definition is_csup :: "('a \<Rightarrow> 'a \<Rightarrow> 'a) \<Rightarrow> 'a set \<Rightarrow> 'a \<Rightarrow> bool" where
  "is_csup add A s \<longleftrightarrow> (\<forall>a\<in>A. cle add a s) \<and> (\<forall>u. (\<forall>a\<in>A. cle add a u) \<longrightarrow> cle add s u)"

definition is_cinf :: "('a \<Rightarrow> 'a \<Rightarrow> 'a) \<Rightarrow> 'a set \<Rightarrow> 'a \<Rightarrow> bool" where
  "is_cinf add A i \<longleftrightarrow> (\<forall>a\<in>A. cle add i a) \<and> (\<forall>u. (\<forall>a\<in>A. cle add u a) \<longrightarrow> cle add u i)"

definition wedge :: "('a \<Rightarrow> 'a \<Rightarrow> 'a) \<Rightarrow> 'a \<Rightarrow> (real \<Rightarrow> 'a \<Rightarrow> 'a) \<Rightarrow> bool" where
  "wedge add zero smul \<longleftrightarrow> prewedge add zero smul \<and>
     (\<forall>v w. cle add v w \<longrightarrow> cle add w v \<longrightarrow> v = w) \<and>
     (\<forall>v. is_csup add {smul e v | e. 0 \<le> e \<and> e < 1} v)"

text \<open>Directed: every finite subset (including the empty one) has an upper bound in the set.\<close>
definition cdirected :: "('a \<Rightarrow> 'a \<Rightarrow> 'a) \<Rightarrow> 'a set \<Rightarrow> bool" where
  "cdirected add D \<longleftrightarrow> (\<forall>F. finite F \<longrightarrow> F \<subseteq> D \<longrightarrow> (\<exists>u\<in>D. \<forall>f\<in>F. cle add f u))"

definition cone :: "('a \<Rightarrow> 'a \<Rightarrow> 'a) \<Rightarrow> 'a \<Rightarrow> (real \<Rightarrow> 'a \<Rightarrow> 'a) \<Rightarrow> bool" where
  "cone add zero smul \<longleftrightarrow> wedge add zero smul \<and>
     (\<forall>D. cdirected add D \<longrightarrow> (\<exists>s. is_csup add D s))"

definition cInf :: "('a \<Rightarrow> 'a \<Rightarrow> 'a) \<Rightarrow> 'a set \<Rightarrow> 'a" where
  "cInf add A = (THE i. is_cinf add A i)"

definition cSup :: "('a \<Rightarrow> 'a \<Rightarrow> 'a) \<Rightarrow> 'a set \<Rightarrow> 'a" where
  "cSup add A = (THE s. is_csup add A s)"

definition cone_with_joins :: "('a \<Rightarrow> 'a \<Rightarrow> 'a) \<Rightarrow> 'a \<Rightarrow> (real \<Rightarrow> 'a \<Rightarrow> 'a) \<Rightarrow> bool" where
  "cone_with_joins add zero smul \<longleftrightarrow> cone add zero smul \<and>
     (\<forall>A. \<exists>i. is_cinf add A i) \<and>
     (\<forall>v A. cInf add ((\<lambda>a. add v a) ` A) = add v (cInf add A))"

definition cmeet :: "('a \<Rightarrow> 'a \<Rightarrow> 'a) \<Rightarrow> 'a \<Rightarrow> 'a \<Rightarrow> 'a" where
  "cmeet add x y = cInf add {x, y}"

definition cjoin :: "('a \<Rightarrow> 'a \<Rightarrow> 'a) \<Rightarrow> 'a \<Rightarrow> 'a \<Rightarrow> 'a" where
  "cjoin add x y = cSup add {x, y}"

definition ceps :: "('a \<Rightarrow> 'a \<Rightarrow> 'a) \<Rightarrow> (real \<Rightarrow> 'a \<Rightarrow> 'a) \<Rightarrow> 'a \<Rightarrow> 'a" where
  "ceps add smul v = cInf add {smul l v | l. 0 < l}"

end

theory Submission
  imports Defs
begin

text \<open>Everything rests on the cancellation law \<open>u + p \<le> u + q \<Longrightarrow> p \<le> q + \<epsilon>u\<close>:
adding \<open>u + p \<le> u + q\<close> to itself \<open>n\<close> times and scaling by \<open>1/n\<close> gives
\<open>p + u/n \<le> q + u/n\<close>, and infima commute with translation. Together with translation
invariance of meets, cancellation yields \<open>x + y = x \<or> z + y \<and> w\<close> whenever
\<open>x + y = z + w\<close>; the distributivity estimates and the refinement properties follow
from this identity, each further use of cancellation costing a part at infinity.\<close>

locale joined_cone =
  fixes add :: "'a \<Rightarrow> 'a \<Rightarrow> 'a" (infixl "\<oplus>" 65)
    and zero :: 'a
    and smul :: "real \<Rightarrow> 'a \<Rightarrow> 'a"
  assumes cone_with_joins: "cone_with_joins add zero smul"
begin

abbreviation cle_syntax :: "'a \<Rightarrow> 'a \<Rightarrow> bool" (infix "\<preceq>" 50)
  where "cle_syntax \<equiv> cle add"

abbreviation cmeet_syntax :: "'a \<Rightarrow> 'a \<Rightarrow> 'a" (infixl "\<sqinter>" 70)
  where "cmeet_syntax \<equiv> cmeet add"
----------
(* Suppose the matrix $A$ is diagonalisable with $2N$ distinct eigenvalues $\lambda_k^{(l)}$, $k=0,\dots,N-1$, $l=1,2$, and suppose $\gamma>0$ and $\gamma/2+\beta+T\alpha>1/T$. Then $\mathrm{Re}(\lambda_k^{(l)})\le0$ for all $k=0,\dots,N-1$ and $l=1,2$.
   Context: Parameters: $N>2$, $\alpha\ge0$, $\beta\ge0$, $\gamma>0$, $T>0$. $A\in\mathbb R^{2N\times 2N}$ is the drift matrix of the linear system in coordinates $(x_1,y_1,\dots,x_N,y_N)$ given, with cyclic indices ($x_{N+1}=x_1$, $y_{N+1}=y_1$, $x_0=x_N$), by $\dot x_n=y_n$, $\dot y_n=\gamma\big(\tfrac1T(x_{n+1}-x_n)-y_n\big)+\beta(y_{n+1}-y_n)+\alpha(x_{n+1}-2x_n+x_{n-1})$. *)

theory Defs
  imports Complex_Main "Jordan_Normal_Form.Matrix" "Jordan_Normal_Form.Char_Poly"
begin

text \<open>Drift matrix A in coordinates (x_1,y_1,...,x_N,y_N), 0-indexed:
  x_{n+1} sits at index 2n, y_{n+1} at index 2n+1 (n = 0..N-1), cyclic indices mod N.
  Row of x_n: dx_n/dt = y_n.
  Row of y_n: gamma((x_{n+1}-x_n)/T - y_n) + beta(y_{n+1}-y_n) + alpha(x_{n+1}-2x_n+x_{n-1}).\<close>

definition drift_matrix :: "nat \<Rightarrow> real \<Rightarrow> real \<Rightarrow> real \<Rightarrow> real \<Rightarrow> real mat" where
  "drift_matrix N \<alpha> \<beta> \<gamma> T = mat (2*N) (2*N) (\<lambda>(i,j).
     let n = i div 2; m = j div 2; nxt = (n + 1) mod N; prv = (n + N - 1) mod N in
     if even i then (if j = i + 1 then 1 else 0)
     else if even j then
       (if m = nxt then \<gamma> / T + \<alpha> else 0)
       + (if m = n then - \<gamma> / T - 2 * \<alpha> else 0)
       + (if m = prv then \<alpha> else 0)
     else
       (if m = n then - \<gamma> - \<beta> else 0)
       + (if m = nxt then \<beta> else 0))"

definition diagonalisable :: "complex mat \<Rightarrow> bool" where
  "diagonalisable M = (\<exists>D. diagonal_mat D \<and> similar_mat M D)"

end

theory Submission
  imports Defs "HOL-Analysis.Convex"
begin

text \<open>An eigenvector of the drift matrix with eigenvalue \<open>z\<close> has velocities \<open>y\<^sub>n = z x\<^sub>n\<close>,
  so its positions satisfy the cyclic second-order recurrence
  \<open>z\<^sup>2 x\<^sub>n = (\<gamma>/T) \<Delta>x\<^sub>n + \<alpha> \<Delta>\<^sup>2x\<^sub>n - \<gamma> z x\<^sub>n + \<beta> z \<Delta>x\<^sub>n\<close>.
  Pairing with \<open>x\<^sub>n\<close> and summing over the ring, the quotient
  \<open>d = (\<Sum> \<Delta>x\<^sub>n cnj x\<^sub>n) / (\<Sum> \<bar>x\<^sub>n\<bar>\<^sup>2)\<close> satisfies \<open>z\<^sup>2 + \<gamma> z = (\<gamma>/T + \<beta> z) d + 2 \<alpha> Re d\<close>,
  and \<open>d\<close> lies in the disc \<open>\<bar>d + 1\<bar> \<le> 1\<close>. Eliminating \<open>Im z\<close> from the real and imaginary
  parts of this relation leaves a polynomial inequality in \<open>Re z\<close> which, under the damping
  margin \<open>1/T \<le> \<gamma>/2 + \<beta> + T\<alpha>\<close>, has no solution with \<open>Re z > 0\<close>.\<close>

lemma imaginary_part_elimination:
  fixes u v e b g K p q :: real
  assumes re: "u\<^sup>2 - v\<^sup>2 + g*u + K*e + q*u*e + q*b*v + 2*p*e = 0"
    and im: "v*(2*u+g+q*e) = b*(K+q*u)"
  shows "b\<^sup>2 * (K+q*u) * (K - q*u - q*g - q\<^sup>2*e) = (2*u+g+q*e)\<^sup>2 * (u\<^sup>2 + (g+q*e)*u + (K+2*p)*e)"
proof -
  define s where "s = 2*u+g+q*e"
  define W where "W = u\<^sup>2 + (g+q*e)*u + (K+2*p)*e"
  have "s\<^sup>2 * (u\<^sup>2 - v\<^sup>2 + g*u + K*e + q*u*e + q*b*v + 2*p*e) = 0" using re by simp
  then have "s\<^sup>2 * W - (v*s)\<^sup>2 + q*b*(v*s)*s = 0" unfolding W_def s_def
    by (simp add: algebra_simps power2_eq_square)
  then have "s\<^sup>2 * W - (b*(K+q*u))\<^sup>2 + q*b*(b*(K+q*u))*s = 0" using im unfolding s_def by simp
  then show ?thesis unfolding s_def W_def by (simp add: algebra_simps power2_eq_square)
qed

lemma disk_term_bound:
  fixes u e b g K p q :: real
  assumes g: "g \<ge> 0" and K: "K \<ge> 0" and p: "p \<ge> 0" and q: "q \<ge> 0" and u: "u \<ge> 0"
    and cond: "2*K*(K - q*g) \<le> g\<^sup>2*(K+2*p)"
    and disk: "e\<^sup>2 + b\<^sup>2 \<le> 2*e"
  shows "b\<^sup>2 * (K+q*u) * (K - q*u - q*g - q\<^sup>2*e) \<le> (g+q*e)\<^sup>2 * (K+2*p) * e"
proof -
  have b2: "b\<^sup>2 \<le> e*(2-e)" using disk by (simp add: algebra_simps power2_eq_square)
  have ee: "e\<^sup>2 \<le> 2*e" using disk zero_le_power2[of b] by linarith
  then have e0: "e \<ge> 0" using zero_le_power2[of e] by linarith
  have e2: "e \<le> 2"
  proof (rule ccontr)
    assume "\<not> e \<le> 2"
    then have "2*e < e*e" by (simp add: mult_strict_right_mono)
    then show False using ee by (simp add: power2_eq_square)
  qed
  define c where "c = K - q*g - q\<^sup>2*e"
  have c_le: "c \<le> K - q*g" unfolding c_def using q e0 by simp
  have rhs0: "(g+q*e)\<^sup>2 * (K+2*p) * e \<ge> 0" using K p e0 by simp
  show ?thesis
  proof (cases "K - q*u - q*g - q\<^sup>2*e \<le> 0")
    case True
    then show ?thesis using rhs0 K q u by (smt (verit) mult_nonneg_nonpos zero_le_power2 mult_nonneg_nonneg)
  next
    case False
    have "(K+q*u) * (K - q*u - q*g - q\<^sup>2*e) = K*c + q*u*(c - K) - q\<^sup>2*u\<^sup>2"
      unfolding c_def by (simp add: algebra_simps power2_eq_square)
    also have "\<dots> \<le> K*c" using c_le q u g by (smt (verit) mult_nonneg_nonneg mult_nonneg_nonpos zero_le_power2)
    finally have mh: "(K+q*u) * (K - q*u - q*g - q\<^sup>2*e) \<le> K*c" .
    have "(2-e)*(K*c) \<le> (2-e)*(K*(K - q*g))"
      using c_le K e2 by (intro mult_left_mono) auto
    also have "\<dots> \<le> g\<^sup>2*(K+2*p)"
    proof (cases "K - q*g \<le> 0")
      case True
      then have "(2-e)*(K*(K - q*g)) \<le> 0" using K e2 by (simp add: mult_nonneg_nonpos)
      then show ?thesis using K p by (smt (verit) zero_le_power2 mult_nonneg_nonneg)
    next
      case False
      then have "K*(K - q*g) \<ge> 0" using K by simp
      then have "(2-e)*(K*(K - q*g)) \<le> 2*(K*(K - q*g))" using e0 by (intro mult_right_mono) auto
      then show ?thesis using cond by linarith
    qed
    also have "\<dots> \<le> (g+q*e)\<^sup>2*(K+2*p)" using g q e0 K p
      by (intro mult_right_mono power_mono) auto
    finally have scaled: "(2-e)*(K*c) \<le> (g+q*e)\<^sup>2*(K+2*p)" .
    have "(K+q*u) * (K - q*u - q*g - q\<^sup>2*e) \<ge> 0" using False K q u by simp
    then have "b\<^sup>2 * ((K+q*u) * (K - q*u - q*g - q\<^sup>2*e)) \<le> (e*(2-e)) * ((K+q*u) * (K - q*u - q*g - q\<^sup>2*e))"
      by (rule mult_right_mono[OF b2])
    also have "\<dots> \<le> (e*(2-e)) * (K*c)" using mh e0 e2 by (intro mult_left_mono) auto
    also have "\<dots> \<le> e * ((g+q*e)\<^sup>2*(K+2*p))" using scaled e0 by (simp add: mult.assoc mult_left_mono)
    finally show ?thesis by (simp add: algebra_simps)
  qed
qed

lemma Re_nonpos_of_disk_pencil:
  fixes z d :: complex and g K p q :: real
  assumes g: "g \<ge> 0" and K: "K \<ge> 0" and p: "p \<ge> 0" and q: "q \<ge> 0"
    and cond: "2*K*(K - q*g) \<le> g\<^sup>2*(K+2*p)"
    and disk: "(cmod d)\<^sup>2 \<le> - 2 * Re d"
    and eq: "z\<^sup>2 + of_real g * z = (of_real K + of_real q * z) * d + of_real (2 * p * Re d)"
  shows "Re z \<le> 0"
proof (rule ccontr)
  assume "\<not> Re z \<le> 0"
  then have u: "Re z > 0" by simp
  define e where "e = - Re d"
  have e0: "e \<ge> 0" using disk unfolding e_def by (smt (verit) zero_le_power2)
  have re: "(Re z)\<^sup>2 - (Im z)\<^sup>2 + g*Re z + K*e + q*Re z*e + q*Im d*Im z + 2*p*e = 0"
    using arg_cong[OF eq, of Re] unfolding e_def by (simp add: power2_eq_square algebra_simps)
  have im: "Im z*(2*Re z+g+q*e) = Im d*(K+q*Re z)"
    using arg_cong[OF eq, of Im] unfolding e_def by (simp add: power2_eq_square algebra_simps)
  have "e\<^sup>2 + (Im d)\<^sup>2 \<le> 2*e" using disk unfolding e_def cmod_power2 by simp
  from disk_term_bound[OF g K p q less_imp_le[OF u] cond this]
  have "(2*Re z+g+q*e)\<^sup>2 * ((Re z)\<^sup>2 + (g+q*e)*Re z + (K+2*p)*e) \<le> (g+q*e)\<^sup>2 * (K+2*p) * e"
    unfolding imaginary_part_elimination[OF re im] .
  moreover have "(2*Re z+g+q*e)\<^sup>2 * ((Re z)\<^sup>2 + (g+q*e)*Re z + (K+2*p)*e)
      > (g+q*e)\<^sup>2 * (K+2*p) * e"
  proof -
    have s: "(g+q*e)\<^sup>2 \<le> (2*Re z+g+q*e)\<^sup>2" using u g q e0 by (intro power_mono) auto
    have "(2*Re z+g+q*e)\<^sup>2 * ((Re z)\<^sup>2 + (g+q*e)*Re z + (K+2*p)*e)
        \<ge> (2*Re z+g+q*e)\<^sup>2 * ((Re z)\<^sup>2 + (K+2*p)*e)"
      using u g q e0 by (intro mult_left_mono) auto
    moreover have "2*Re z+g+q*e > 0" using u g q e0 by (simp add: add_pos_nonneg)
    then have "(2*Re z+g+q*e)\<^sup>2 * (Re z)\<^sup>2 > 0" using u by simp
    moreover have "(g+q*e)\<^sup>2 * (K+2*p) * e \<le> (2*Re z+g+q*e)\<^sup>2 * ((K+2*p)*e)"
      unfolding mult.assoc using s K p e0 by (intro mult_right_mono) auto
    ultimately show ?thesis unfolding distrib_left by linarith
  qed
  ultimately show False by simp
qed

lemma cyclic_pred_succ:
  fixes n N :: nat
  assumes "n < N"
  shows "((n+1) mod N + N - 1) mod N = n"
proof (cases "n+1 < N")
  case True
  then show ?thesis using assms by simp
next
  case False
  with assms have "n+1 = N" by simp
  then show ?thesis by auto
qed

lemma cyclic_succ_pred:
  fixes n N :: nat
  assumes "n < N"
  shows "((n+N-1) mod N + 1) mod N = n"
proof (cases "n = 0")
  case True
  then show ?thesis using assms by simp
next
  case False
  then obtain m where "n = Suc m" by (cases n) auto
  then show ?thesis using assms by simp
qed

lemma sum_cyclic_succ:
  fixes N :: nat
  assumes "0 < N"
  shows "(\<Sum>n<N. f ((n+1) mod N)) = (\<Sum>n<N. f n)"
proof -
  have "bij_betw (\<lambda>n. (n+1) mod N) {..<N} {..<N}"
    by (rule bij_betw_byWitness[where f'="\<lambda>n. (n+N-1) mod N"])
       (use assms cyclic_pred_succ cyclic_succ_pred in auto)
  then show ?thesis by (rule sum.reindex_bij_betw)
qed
----------
Activity: Could you return the lines in the entries above that contain "else"?

Answer below:
     if even i then (if j = i + 1 then 1 else 0)
     else if even j then
       (if m = nxt then \<gamma> / T + \<alpha> else 0)
       + (if m = n then - \<gamma> / T - 2 * \<alpha> else 0)
       + (if m = prv then \<alpha> else 0)
     else
       (if m = n then - \<gamma> - \<beta> else 0)
       + (if m = nxt then \<beta> else 0))"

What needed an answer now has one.